TASK PROMPT: Using the data below, output the first line and every line after it up to and including the line containing "(val H endp", exactly as written and with nothing added.

DATA SECTION:

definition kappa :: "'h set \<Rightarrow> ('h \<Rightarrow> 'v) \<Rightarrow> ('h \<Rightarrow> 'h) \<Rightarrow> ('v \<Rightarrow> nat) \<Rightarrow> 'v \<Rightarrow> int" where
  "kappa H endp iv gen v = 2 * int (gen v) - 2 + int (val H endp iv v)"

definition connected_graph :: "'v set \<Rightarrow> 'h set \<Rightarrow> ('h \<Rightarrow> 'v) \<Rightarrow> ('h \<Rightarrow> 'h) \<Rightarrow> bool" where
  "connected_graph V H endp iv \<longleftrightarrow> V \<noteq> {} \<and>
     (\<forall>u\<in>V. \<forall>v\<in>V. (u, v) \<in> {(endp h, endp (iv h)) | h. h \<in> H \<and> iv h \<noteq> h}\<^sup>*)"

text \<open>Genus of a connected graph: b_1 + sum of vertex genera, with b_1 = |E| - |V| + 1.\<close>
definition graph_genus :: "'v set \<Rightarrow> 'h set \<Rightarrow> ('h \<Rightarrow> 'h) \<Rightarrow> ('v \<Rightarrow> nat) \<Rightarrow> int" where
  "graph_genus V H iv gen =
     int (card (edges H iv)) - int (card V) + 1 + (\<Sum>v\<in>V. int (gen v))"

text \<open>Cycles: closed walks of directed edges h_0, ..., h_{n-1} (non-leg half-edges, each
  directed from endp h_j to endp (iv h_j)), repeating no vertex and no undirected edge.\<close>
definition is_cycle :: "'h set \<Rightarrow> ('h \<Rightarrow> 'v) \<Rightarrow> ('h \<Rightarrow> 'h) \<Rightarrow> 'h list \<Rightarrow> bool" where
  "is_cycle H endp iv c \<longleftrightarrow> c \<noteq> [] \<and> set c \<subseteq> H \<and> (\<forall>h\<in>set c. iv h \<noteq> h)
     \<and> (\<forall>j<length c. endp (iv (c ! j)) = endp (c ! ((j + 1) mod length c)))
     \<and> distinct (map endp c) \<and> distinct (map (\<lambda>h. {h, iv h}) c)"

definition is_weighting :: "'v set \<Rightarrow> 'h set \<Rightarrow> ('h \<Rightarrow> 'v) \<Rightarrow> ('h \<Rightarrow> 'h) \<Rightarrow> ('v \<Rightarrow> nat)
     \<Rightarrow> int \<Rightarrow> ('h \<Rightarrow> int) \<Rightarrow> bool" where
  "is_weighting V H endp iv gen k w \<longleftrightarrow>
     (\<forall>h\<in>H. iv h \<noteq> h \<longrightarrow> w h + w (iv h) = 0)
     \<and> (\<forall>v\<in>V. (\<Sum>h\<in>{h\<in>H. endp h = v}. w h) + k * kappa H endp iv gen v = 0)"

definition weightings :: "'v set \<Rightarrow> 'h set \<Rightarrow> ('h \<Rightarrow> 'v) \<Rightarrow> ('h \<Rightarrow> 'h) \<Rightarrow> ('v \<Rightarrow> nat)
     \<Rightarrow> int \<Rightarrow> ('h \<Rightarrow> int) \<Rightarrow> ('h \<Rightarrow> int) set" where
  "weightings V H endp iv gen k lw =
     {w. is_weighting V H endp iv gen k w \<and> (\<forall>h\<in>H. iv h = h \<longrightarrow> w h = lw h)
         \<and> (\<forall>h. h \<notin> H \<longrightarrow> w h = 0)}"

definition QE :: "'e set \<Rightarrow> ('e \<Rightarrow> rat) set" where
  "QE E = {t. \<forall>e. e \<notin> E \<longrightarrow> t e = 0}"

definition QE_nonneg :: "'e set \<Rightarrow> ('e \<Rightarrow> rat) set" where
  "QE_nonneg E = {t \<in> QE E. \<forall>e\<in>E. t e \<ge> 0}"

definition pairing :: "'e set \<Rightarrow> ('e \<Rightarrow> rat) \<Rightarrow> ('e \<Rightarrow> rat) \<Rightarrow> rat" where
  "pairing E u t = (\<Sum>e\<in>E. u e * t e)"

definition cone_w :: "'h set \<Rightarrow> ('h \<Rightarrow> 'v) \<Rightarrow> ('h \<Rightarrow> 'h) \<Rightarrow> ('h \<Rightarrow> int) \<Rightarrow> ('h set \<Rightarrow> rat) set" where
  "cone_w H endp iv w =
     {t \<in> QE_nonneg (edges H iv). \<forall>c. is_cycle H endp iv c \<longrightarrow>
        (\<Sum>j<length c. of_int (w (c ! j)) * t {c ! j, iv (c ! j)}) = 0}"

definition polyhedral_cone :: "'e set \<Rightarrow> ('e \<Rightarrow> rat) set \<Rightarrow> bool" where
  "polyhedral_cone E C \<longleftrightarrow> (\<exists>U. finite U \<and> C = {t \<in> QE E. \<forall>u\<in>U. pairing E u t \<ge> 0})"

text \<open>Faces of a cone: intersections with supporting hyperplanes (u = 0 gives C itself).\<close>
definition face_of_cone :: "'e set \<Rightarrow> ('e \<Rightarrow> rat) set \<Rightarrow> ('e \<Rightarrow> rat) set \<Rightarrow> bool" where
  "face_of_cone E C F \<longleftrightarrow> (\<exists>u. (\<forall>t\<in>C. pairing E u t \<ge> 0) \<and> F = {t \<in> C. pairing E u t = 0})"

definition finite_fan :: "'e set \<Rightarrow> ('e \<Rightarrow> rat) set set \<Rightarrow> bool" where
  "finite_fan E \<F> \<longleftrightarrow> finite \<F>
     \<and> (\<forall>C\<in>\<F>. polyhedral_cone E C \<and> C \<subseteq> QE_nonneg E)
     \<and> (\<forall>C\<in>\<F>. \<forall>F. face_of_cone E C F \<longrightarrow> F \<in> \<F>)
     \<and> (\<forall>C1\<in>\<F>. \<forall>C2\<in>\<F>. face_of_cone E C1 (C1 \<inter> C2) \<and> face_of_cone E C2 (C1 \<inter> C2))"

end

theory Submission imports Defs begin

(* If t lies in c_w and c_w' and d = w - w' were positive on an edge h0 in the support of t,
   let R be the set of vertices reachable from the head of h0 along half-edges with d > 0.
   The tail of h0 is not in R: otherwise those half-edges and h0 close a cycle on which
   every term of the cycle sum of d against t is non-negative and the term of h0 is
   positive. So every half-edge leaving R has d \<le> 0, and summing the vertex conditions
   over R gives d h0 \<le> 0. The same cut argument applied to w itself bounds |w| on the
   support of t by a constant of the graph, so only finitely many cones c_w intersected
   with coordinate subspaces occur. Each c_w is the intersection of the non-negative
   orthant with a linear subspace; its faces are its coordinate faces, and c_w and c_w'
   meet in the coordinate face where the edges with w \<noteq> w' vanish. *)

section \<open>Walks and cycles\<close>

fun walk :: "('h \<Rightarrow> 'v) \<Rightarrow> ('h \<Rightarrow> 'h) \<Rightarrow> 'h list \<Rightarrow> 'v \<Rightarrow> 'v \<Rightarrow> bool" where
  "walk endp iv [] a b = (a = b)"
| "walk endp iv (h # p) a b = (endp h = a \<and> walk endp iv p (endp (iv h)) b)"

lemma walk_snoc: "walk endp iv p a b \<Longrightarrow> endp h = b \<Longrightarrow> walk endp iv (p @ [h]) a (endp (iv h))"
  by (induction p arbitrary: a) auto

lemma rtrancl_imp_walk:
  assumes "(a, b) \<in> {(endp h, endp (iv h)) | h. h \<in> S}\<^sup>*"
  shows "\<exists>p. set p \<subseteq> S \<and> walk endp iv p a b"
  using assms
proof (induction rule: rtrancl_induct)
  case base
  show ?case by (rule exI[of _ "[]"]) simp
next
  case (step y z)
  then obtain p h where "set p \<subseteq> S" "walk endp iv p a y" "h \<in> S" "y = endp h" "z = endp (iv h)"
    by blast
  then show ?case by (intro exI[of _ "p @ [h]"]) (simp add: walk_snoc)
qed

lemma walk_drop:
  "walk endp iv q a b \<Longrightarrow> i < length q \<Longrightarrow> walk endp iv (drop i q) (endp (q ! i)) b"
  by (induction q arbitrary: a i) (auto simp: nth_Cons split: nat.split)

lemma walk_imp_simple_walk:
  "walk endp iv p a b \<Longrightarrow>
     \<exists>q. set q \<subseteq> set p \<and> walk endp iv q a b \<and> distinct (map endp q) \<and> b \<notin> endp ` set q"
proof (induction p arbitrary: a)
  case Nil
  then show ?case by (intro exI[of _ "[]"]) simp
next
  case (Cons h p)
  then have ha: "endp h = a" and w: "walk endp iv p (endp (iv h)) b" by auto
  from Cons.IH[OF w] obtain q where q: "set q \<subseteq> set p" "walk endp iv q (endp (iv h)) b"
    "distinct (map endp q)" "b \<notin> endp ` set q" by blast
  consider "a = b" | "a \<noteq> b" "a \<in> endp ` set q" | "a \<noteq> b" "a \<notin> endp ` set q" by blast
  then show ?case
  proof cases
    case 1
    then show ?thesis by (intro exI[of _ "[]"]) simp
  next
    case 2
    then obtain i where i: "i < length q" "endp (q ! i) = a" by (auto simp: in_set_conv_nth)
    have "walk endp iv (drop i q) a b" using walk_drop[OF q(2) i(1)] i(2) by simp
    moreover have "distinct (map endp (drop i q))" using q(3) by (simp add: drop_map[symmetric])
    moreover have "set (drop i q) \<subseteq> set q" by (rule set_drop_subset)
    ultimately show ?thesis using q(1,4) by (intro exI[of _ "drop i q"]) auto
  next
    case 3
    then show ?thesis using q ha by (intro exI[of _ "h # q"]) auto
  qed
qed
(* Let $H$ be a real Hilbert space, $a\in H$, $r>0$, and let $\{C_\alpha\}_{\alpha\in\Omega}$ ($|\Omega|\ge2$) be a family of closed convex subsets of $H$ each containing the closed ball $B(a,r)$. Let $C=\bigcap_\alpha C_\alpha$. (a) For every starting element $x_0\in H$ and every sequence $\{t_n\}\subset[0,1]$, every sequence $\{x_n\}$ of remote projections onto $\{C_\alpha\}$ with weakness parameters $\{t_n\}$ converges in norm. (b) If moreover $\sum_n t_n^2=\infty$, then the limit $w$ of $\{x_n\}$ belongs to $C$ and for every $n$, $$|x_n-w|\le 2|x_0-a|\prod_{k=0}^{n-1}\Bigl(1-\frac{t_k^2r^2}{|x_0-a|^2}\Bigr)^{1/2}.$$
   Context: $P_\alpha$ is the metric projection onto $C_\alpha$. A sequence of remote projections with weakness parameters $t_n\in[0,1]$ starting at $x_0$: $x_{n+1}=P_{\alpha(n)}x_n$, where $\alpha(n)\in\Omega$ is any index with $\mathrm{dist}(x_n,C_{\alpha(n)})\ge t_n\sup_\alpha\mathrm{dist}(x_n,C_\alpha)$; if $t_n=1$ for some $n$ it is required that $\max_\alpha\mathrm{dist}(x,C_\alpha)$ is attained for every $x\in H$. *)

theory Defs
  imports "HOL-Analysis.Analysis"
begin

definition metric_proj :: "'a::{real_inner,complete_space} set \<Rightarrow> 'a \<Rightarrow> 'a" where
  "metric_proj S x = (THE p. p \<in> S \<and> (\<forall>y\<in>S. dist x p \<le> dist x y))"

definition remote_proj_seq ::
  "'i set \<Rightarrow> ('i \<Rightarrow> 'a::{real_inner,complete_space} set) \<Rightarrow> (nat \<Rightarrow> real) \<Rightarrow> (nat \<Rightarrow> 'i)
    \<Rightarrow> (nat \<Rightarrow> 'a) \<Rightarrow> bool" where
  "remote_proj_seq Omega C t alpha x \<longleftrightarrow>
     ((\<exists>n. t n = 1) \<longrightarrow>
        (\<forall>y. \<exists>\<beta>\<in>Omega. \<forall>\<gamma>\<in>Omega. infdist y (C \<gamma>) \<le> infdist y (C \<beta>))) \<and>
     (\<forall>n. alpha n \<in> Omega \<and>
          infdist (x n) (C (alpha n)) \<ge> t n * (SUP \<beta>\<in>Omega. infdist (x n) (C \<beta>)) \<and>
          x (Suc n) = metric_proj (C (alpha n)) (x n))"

ANSWER TO THE PROBLEM:
definition kappa :: "'h set \<Rightarrow> ('h \<Rightarrow> 'v) \<Rightarrow> ('h \<Rightarrow> 'h) \<Rightarrow> ('v \<Rightarrow> nat) \<Rightarrow> 'v \<Rightarrow> int" where
  "kappa H endp iv gen v = 2 * int (gen v) - 2 + int (val H endp iv v)"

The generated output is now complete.